Admittedly, Faber his call to hold cash is
contrarian, and not the type of tip you would expect from a gold
bull. Still, thinking about it, he has a valid point. His belief is
not to hold cash for the long term. His point is that stocks and
bonds are overvalued and not attractive as long term investment. As
the markets are likely to be shaken up thoroughly in the coming
months, it is wise to hold cash in order to jump on the opportunities
that will pass by.
Faber
on his contrarian play, via CNBC:
I don’t see any asset that is terribly
attractive. The most underappreciated asset is cash. Nobody likes
cash. In the next 10 years, you will earn precisely 0 percent. In
fact, you will lose money because Ms. Yellen is a money printer like
all the others, and she will make sure that the dollar will
depreciate in real terms. But for the next 6 months, cash will be
most attractive. I don’t want to be in cash, but in the coming 6
months a lot of opportunities will come along.
Faber
on (the absence of) inflation:
Inflation is an increase in the quantity of
money and credit. The symptoms occur in a variety of forms. You can
print money in the US, but it could happen that it does not boost
economic activity in the US but only in China or in Vietnam or Indian
and so forth. It can boost wages in India, it can boost real estate
prices in London, and so forth, because we have a global
economy.

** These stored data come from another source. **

(* Let $\lambda>0$, $m>0$, $n>0$, $\tan\theta=n/m$, and let $\varphi(\alpha,\beta)=\frac12(\alpha^2+2b\alpha\beta+a\beta^2)+c\alpha+d\beta$ be the conic through $X=(\lambda,0)$, $Y=(0,0)$, $Z=(m,n)$ satisfying (P1) $\varphi(X)=\varphi(Y)=\varphi(Z)=0$ and (P2) $Y-X$ is a positive multiple of $-\nabla\varphi(X)$ and $Z-Y$ is a positive multiple of $-\nabla\varphi(Y)$. Then the conic $\{\varphi=0\}$ is an ellipse if and only if $$0<m<\frac{4\lambda(1+\tan^2\theta)}{(\tan^2\theta+2)^2}.$$
   Context: The coefficients of such a conic are $b=\frac{n}{2m}$, $c=-\lambda/2$, $d=-b\lambda$, $a=\frac{(\lambda-m)(m^2+n^2)}{m n^2}$; the conic is an ellipse iff $a>b^2$. *)

theory Defs
  imports Complex_Main
begin

definition phi :: "real \<Rightarrow> real \<Rightarrow> real \<Rightarrow> real \<Rightarrow> real \<Rightarrow> real \<Rightarrow> real" where
  "phi a b c d x y = (x^2 + 2*b*x*y + a*y^2) / 2 + c*x + d*y"

definition grad_phi :: "real \<Rightarrow> real \<Rightarrow> real \<Rightarrow> real \<Rightarrow> real \<Rightarrow> real \<Rightarrow> real \<times> real" where
  "grad_phi a b c d x y = (x + b*y + c, b*x + a*y + d)"

text \<open>Standard classification: the plane conic A x^2 + B x y + C y^2 + D x + E y + F = 0 is a
  (real, non-degenerate) ellipse iff its discriminant B^2 - 4AC is negative and its zero set
  contains at least two points (this excludes the degenerate empty and one-point cases).\<close>
definition is_ellipse :: "real \<Rightarrow> real \<Rightarrow> real \<Rightarrow> real \<Rightarrow> real \<Rightarrow> real \<Rightarrow> bool" where
  "is_ellipse A B C D E F \<longleftrightarrow> B^2 - 4*A*C < 0 \<and>
     (\<exists>p q. p \<noteq> q \<and> A*(fst p)^2 + B*fst p*snd p + C*(snd p)^2 + D*fst p + E*snd p + F = 0
                  \<and> A*(fst q)^2 + B*fst q*snd q + C*(snd q)^2 + D*fst q + E*snd q + F = 0)"

definition phi_is_ellipse :: "real \<Rightarrow> real \<Rightarrow> real \<Rightarrow> real \<Rightarrow> bool" where
  "phi_is_ellipse a b c d \<longleftrightarrow> is_ellipse (1/2) b (a/2) c d 0"

end

theory Submission
  imports Defs
begin

text \<open>(P1) at X and (P2) at X and Y are linear in the coefficients and pin down c, d and b;
  (P1) at Z then determines a. Since the conic passes through the two distinct points
  X and Y, it is an ellipse exactly when its discriminant b^2 - a is negative, and with
  T = tan \<theta> = n/m, b = T/2 and a = (\<lambda> - m)(1 + T^2)/(m T^2) this inequality clears to
  m (T^2 + 2)^2 < 4 \<lambda> (1 + T^2).\<close>

lemma phi_is_ellipse_iff_discriminant:
  assumes "phi a b c d x y = 0" and "phi a b c d x' y' = 0" and "(x, y) \<noteq> (x', y')"
  shows "phi_is_ellipse a b c d \<longleftrightarrow> b^2 < a"
proof -
  have general_form: "1/2*u^2 + b*u*v + a/2*v^2 + c*u + d*v + 0 = phi a b c d u v" for u v
    by (simp add: phi_def field_simps)
  have "phi_is_ellipse a b c d \<longleftrightarrow> b^2 < a \<and>
      (\<exists>p q. p \<noteq> q \<and> phi a b c d (fst p) (snd p) = 0 \<and> phi a b c d (fst q) (snd q) = 0)"
    unfolding phi_is_ellipse_def is_ellipse_def general_form by simp
  moreover have "\<exists>p q. p \<noteq> q \<and> phi a b c d (fst p) (snd p) = 0 \<and> phi a b c d (fst q) (snd q) = 0"
    using assms by auto
  ultimately show ?thesis
    by blast
qed

lemma conic_coefficients:
  fixes lam m n a b c d s t :: real
  assumes "lam \<noteq> 0" and "m \<noteq> 0" and "n \<noteq> 0" and "t \<noteq> 0"
    and X: "phi a b c d lam 0 = 0" and Z: "phi a b c d m n = 0"
    and grad_X: "(- lam, 0) = (t * - fst (grad_phi a b c d lam 0), t * - snd (grad_phi a b c d lam 0))"
    and grad_Y: "(m, n) = (s * - fst (grad_phi a b c d 0 0), s * - snd (grad_phi a b c d 0 0))"
  shows "c = - lam / 2" and "d = - b * lam" and "b = n / (2 * m)"
    and "a = (lam - m) * (m^2 + n^2) / (m * n^2)"
proof -
  have "lam * (lam / 2 + c) = 0"
    using X by (simp add: phi_def power2_eq_square algebra_simps)
  then show c: "c = - lam / 2"
    using \<open>lam \<noteq> 0\<close> by simp
  show d: "d = - b * lam"
    using grad_X \<open>t \<noteq> 0\<close> by (simp add: grad_phi_def)
  have "m = s * lam / 2" and "n = s * b * lam"
    using grad_Y c d by (simp_all add: grad_phi_def)
  then have "n = 2 * m * b"
    by simp
  then show b: "b = n / (2 * m)"
    using \<open>m \<noteq> 0\<close> by simp
  have "m^2 + 2*b*m*n + a*n^2 + 2*c*m + 2*d*n = 0"
    using Z by (simp add: phi_def field_simps)
  then show "a = (lam - m) * (m^2 + n^2) / (m * n^2)"
    using b c d \<open>m \<noteq> 0\<close> \<open>n \<noteq> 0\<close> by (simp add: field_simps power2_eq_square)
qed

lemma discriminant_negative_iff_slope_bound:
  fixes T m lam :: real
  assumes "T \<noteq> 0" and "m > 0"
  shows "(T / 2)^2 < (lam - m) * (1 + T^2) / (m * T^2)
    \<longleftrightarrow> m < 4 * lam * (1 + T^2) / (T^2 + 2)^2"
proof -
  have pos: "4 * (m * T^2) > 0"
    using assms by simp
  have lhs: "(T / 2)^2 = T^4 * m / (4 * (m * T^2))"
    using assms by (simp add: power2_eq_square power4_eq_xxxx)
  have rhs: "(lam - m) * (1 + T^2) / (m * T^2) = 4 * ((lam - m) * (1 + T^2)) / (4 * (m * T^2))"
    by simp
  have "(T / 2)^2 < (lam - m) * (1 + T^2) / (m * T^2)
      \<longleftrightarrow> T^4 * m < 4 * ((lam - m) * (1 + T^2))"
    unfolding lhs rhs divide_less_cancel using pos by auto
  also have "\<dots> \<longleftrightarrow> m * (T^2 + 2)^2 < 4 * lam * (1 + T^2)"
    by (simp add: power2_eq_square power4_eq_xxxx algebra_simps)
  also have "\<dots> \<longleftrightarrow> m < 4 * lam * (1 + T^2) / (T^2 + 2)^2"
  proof -
    have "T^2 + 2 > 0"
      by (simp add: add_nonneg_pos)
    then show ?thesis
      by (simp add: pos_less_divide_eq mult.commute)
  qed
  finally show ?thesis .
qed

theorem proposition2:
  fixes lam m n \<theta> a b c d :: real
  assumes "lam > 0" and "m > 0" and "n > 0"
    and "tan \<theta> = n / m"
    and P1: "phi a b c d lam 0 = 0" "phi a b c d 0 0 = 0" "phi a b c d m n = 0"
    and P2X: "\<exists>t>0. (0 - lam, 0 - 0) = (t * (- fst (grad_phi a b c d lam 0)), t * (- snd (grad_phi a b c d lam 0)))"
    and P2Y: "\<exists>s>0. (m - 0, n - 0) = (s * (- fst (grad_phi a b c d 0 0)), s * (- snd (grad_phi a b c d 0 0)))"
  shows "phi_is_ellipse a b c d \<longleftrightarrow>
           0 < m \<and> m < 4 * lam * (1 + (tan \<theta>)^2) / ((tan \<theta>)^2 + 2)^2"
proof -
  obtain t s where "t > 0"
    and grad_X: "(- lam, 0) = (t * - fst (grad_phi a b c d lam 0), t * - snd (grad_phi a b c d lam 0))"
    and grad_Y: "(m, n) = (s * - fst (grad_phi a b c d 0 0), s * - snd (grad_phi a b c d 0 0))"
    using P2X P2Y by auto
  have "lam \<noteq> 0" "m \<noteq> 0" "n \<noteq> 0" "t \<noteq> 0"
    using \<open>lam > 0\<close> \<open>m > 0\<close> \<open>n > 0\<close> \<open>t > 0\<close> by simp_all
  note coeffs = conic_coefficients[OF this P1(1,3) grad_X grad_Y]
  have b: "b = tan \<theta> / 2"
    using coeffs(3) \<open>tan \<theta> = n / m\<close> by simp
  have "(m^2 + n^2) / n^2 = (1 + (tan \<theta>)^2) / (tan \<theta>)^2"
    unfolding \<open>tan \<theta> = n / m\<close> using \<open>m > 0\<close> \<open>n > 0\<close> by (simp add: field_simps power2_eq_square)
  then have a: "a = (lam - m) * (1 + (tan \<theta>)^2) / (m * (tan \<theta>)^2)"
    using coeffs(4) by (metis times_divide_eq_right divide_divide_eq_left mult.commute)
  have "tan \<theta> \<noteq> 0"
    using \<open>tan \<theta> = n / m\<close> \<open>m > 0\<close> \<open>n > 0\<close> by simp
  have "phi_is_ellipse a b c d \<longleftrightarrow> b^2 < a"
    using phi_is_ellipse_iff_discriminant[OF P1(1,2)] \<open>lam > 0\<close> by simp
  then show ?thesis
    unfolding a b using discriminant_negative_iff_slope_bound[OF \<open>tan \<theta> \<noteq> 0\<close> \<open>m > 0\<close>] \<open>m > 0\<close>
    by simp
qed

end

Stating there is no inflation is an error.
He
continues:
In case things turn out bad again, the central
bankers have one thing left: money. When they start throwing out
money, it will lead to price increases. Nobody can deny that anywhere
in the world energy prices are substantially higher than they were
ten years ago. Nobody can deny that food prices are up. Nobody in the
US can deny that insurance premiums are up. So, to throw money at the
system, at some point will lead to some more visible (!) pressure on
consumer prices. Stocks has basically done nothing since the
beginning of the year. But long term bonds are up 12% this year.
Now, during the next downturn, I believe stocks and bonds will go
down at the same time.
Faber also explains that we are 30% more
levered than during the financial crisis. Total credit, including
government debt, corporate debt and consumer debt, is higher
than in 2008/2009.
It is really a smart view if you think about.